Data Block Start
(* Let $A,B$ be set-germs at $0\in\mathbb{R}^n$ with $0\in\overline{A}\cap\overline{B}$ and $D(A)\subseteq D(B)$. If $A$ satisfies condition (WSSP)-relative to $B$, then $A$ satisfies condition (SSP)-relative to $B$. Hence the relative conditions (SSP) and (WSSP) are equivalent.
   Context: For a set-germ $A\subset\mathbb{R}^n$ at $0$ with $0\in\overline A$, $D(A)=\{a\in S^{n-1}:\exists\, x_i\in A\setminus\{0\},\ x_i\to0,\ x_i/\|x_i\|\to a\}$. For sequences, $\|u_m\|\ll\|v_m\|,\|w_m\|$ means $\|u_m\|/\|v_m\|\to0$ and $\|u_m\|/\|w_m\|\to0$. $A$ satisfies condition (SSP)-relative to $B$ if for every sequence $a_m\in B$ tending to $0$ with $\lim a_m/\|a_m\|\in D(A)$ there is a sequence $b_m\in A$ with $\|a_m-b_m\|\ll\|a_m\|,\|b_m\|$. $A$ satisfies condition (WSSP)-relative to $B$ if for every sequence $a_m\in B$ tending to $0$ with $\lim a_m/\|a_m\|\in D(A)$ there is a subsequence $(m_j)$ and points $b_{m_j}\in A$ with $\|a_{m_j}-b_{m_j}\|\ll\|a_{m_j}\|,\|b_{m_j}\|$ as $j\to\infty$. *)

theory Defs
  imports "HOL-Analysis.Analysis"
begin

text \<open>Set-germs at 0 are represented by sets; all conditions below only
depend on the behaviour near 0.\<close>

definition tangent_dirs :: "'a::euclidean_space set \<Rightarrow> 'a set" ("D") where
  "D A = {v. norm v = 1 \<and> (\<exists>x::nat \<Rightarrow> 'a. (\<forall>i. x i \<in> A - {0}) \<and> x \<longlonglongrightarrow> 0
            \<and> (\<lambda>i. x i /\<^sub>R norm (x i)) \<longlonglongrightarrow> v)}"

definition SSP_rel :: "'a::euclidean_space set \<Rightarrow> 'a set \<Rightarrow> bool" where
  "SSP_rel A B \<longleftrightarrow> (\<forall>a::nat \<Rightarrow> 'a. \<forall>v.
      (\<forall>m. a m \<in> B - {0}) \<and> a \<longlonglongrightarrow> 0 \<and> (\<lambda>m. a m /\<^sub>R norm (a m)) \<longlonglongrightarrow> v \<and> v \<in> D A
      \<longrightarrow> (\<exists>b::nat \<Rightarrow> 'a. (\<forall>m. b m \<in> A)
             \<and> (\<lambda>m. norm (a m - b m) / norm (a m)) \<longlonglongrightarrow> 0
             \<and> (\<lambda>m. norm (a m - b m) / norm (b m)) \<longlonglongrightarrow> 0))"

definition WSSP_rel :: "'a::euclidean_space set \<Rightarrow> 'a set \<Rightarrow> bool" where
  "WSSP_rel A B \<longleftrightarrow> (\<forall>a::nat \<Rightarrow> 'a. \<forall>v.
      (\<forall>m. a m \<in> B - {0}) \<and> a \<longlonglongrightarrow> 0 \<and> (\<lambda>m. a m /\<^sub>R norm (a m)) \<longlonglongrightarrow> v \<and> v \<in> D A
      \<longrightarrow> (\<exists>r::nat \<Rightarrow> nat. \<exists>b::nat \<Rightarrow> 'a. strict_mono r \<and> (\<forall>j. b j \<in> A)
             \<and> (\<lambda>j. norm (a (r j) - b j) / norm (a (r j))) \<longlonglongrightarrow> 0
             \<and> (\<lambda>j. norm (a (r j) - b j) / norm (b j)) \<longlonglongrightarrow> 0))"

end

theory Submission
  imports Defs
begin

text \<open>If (SSP) failed along some sequence, the gap to A would stay above some \<open>e > 0\<close> along a
subsequence; (WSSP) applied to that subsequence yields a further subsequence along which the gap
tends to 0, a contradiction. Hence for every \<open>e > 0\<close> points of A within gap \<open>e\<close> exist eventually,
and choosing near-minimisers of the gap for each index gives the sequence required by (SSP).\<close>

definition relative_gap :: "'a::real_normed_vector \<Rightarrow> 'a \<Rightarrow> real" where
  "relative_gap x y = max (norm (x - y) / norm x) (norm (x - y) / norm y)"

lemma relative_gap_nonneg: "relative_gap x y \<ge> 0"
  by (simp add: relative_gap_def le_max_iff_disj)

lemma tendsto_relative_gap_iff:
  "((\<lambda>m. relative_gap (x m) (y m)) \<longlongrightarrow> 0) F \<longleftrightarrow>
     ((\<lambda>m. norm (x m - y m) / norm (x m)) \<longlongrightarrow> 0) F \<and>
     ((\<lambda>m. norm (x m - y m) / norm (y m)) \<longlongrightarrow> 0) F"
proof
  assume gap: "((\<lambda>m. relative_gap (x m) (y m)) \<longlongrightarrow> 0) F"
  show "((\<lambda>m. norm (x m - y m) / norm (x m)) \<longlongrightarrow> 0) F \<and>
        ((\<lambda>m. norm (x m - y m) / norm (y m)) \<longlongrightarrow> 0) F"
    by (intro conjI tendsto_sandwich[OF _ _ tendsto_const gap])
       (auto simp: relative_gap_def)
next
  assume "((\<lambda>m. norm (x m - y m) / norm (x m)) \<longlongrightarrow> 0) F \<and>
          ((\<lambda>m. norm (x m - y m) / norm (y m)) \<longlongrightarrow> 0) F"
  then show "((\<lambda>m. relative_gap (x m) (y m)) \<longlongrightarrow> 0) F"
    using tendsto_max by (fastforce simp: relative_gap_def)
qed

lemma frequently_sequentially_obtain_strict_mono:
  assumes "frequently P sequentially"
  obtains s :: "nat \<Rightarrow> nat" where "strict_mono s" "\<And>k. P (s k)"
proof -
  have "infinite {n. P n}"
    using assms by (simp add: frequently_cofinite flip: cofinite_eq_sequentially)
  with infinite_enumerate that show thesis by blast
qed

lemma eventually_approx_minimizers:
  fixes F :: "nat \<Rightarrow> 'b \<Rightarrow> real"
  assumes nonneg: "\<And>m b. F m b \<ge> 0"
    and close: "\<And>e. e > 0 \<Longrightarrow> eventually (\<lambda>m. \<exists>b\<in>A. F m b < e) sequentially"
  obtains b where "\<And>m. b m \<in> A" "(\<lambda>m. F m (b m)) \<longlonglongrightarrow> 0"
proof -
  define g where "g m = Inf (F m ` A)" for m
  have "A \<noteq> {}"
    using eventually_happens'[OF _ close[of 1]] by auto
  have bdd: "bdd_below (F m ` A)" for m
    using nonneg by (intro bdd_belowI[of _ 0]) auto
  then have g_le: "g m \<le> F m b" if "b \<in> A" for m b
    unfolding g_def using that by (simp add: cInf_lower)
  have "\<exists>b\<in>A. F m b < g m + 1 / (real m + 1)" for m
    using cInf_lessD[of "F m ` A" "g m + 1 / (real m + 1)"] \<open>A \<noteq> {}\<close>
    by (auto simp: g_def)
  then obtain b where b: "\<And>m. b m \<in> A" "\<And>m. F m (b m) < g m + 1 / (real m + 1)"
    by metis
  have "(\<lambda>m. F m (b m)) \<longlonglongrightarrow> 0"
  proof (rule order_tendstoI)
    fix e :: real
    assume "e < 0"
    then show "eventually (\<lambda>m. e < F m (b m)) sequentially"
      using nonneg by (simp add: less_le_trans)
  next
    fix e :: real
    assume "0 < e"
    have "eventually (\<lambda>m. \<exists>b\<in>A. F m b < e/2) sequentially"
      using \<open>0 < e\<close> by (intro close) simp
    then have "eventually (\<lambda>m. g m < e/2) sequentially"
      by (rule eventually_mono) (use g_le le_less_trans in blast)
    moreover have "eventually (\<lambda>m. 1 / (real m + 1) < e/2) sequentially"
      using order_tendstoD(2)[OF LIMSEQ_inverse_real_of_nat, of "e/2"] \<open>0 < e\<close>
      by (simp add: inverse_eq_divide add.commute)
    ultimately show "eventually (\<lambda>m. F m (b m) < e) sequentially"
    proof eventually_elim
      case (elim m)
      with b(2)[of m] show "F m (b m) < e" by linarith
    qed
  qed
  with b(1) that show thesis by blast
qed

lemma WSSP_rel_eventually_close:
  fixes A B :: "'a::euclidean_space set"
  assumes W: "WSSP_rel A B"
    and a: "\<forall>m. a m \<in> B - {0}" "a \<longlonglongrightarrow> 0" "(\<lambda>m. a m /\<^sub>R norm (a m)) \<longlonglongrightarrow> v" "v \<in> D A"
    and "e > 0"
  shows "eventually (\<lambda>m. \<exists>b\<in>A. relative_gap (a m) b < e) sequentially"
proof (rule ccontr)
  assume "\<not> ?thesis"
  then obtain s :: "nat \<Rightarrow> nat"
    where s: "strict_mono s" "\<And>k. \<forall>b\<in>A. relative_gap (a (s k)) b \<ge> e"
    by (auto simp: not_eventually not_less elim: frequently_sequentially_obtain_strict_mono)
  have "(\<forall>k. a (s k) \<in> B - {0}) \<and> (\<lambda>k. a (s k)) \<longlonglongrightarrow> 0
        \<and> (\<lambda>k. a (s k) /\<^sub>R norm (a (s k))) \<longlonglongrightarrow> v \<and> v \<in> D A"
    using a LIMSEQ_subseq_LIMSEQ[OF _ s(1)] by (auto simp: o_def)
  then obtain r b where "\<forall>j. b j \<in> A"
    and "(\<lambda>j. norm (a (s (r j)) - b j) / norm (a (s (r j)))) \<longlonglongrightarrow> 0"
    and "(\<lambda>j. norm (a (s (r j)) - b j) / norm (b j)) \<longlonglongrightarrow> 0"
    using W[unfolded WSSP_rel_def, rule_format, of "\<lambda>k. a (s k)" v] by blast
  then have "(\<lambda>j. relative_gap (a (s (r j))) (b j)) \<longlonglongrightarrow> 0"
    by (simp add: tendsto_relative_gap_iff)
  from order_tendstoD(2)[OF this \<open>e > 0\<close>] obtain j
    where "relative_gap (a (s (r j))) (b j) < e"
    using eventually_happens' trivial_limit_sequentially by blast
  moreover have "e \<le> relative_gap (a (s (r j))) (b j)"
    using s(2) \<open>\<forall>j. b j \<in> A\<close> by blast
  ultimately show False by simp
qed

lemma WSSP_rel_imp_SSP_rel:
  fixes A B :: "'a::euclidean_space set"
  assumes "WSSP_rel A B"
  shows "SSP_rel A B"
  unfolding SSP_rel_def
proof (intro allI impI)
  fix a :: "nat \<Rightarrow> 'a" and v
  assume "(\<forall>m. a m \<in> B - {0}) \<and> a \<longlonglongrightarrow> 0 \<and> (\<lambda>m. a m /\<^sub>R norm (a m)) \<longlonglongrightarrow> v \<and> v \<in> D A"
  then obtain b where "\<And>m. b m \<in> A" "(\<lambda>m. relative_gap (a m) (b m)) \<longlonglongrightarrow> 0"
    using eventually_approx_minimizers[of "\<lambda>m. relative_gap (a m)" A]
      WSSP_rel_eventually_close[OF assms] relative_gap_nonneg by blast
  then show "\<exists>b. (\<forall>m. b m \<in> A) \<and> (\<lambda>m. norm (a m - b m) / norm (a m)) \<longlonglongrightarrow> 0
             \<and> (\<lambda>m. norm (a m - b m) / norm (b m)) \<longlonglongrightarrow> 0"
    by (auto simp: tendsto_relative_gap_iff)
qed

lemma SSP_rel_imp_WSSP_rel:
  fixes A B :: "'a::euclidean_space set"
  assumes "SSP_rel A B"
  shows "WSSP_rel A B"
  unfolding WSSP_rel_def
proof (intro allI impI)
  fix a :: "nat \<Rightarrow> 'a" and v
  assume "(\<forall>m. a m \<in> B - {0}) \<and> a \<longlonglongrightarrow> 0 \<and> (\<lambda>m. a m /\<^sub>R norm (a m)) \<longlonglongrightarrow> v \<and> v \<in> D A"
  with assms obtain b where "\<forall>m. b m \<in> A"
    "(\<lambda>m. norm (a m - b m) / norm (a m)) \<longlonglongrightarrow> 0"
    "(\<lambda>m. norm (a m - b m) / norm (b m)) \<longlonglongrightarrow> 0"
    unfolding SSP_rel_def by blast
  with strict_mono_id show "\<exists>r b. strict_mono r \<and> (\<forall>j. b j \<in> A)
      \<and> (\<lambda>j. norm (a (r j) - b j) / norm (a (r j))) \<longlonglongrightarrow> 0
      \<and> (\<lambda>j. norm (a (r j) - b j) / norm (b j)) \<longlonglongrightarrow> 0"
    by (intro exI[of _ id] exI[of _ b]) simp
qed

theorem proposition2p7:
  fixes A B :: "'a::euclidean_space set"
  assumes "0 \<in> closure A" and "0 \<in> closure B" and "D A \<subseteq> D B"
  shows "(WSSP_rel A B \<longrightarrow> SSP_rel A B) \<and> (SSP_rel A B \<longleftrightarrow> WSSP_rel A B)"
  using WSSP_rel_imp_SSP_rel SSP_rel_imp_WSSP_rel by blast

end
Data Block End
(What to produce)
Find the lines in the records above that hold the word "unfolding", and give only how many there are.

(Completed task)
4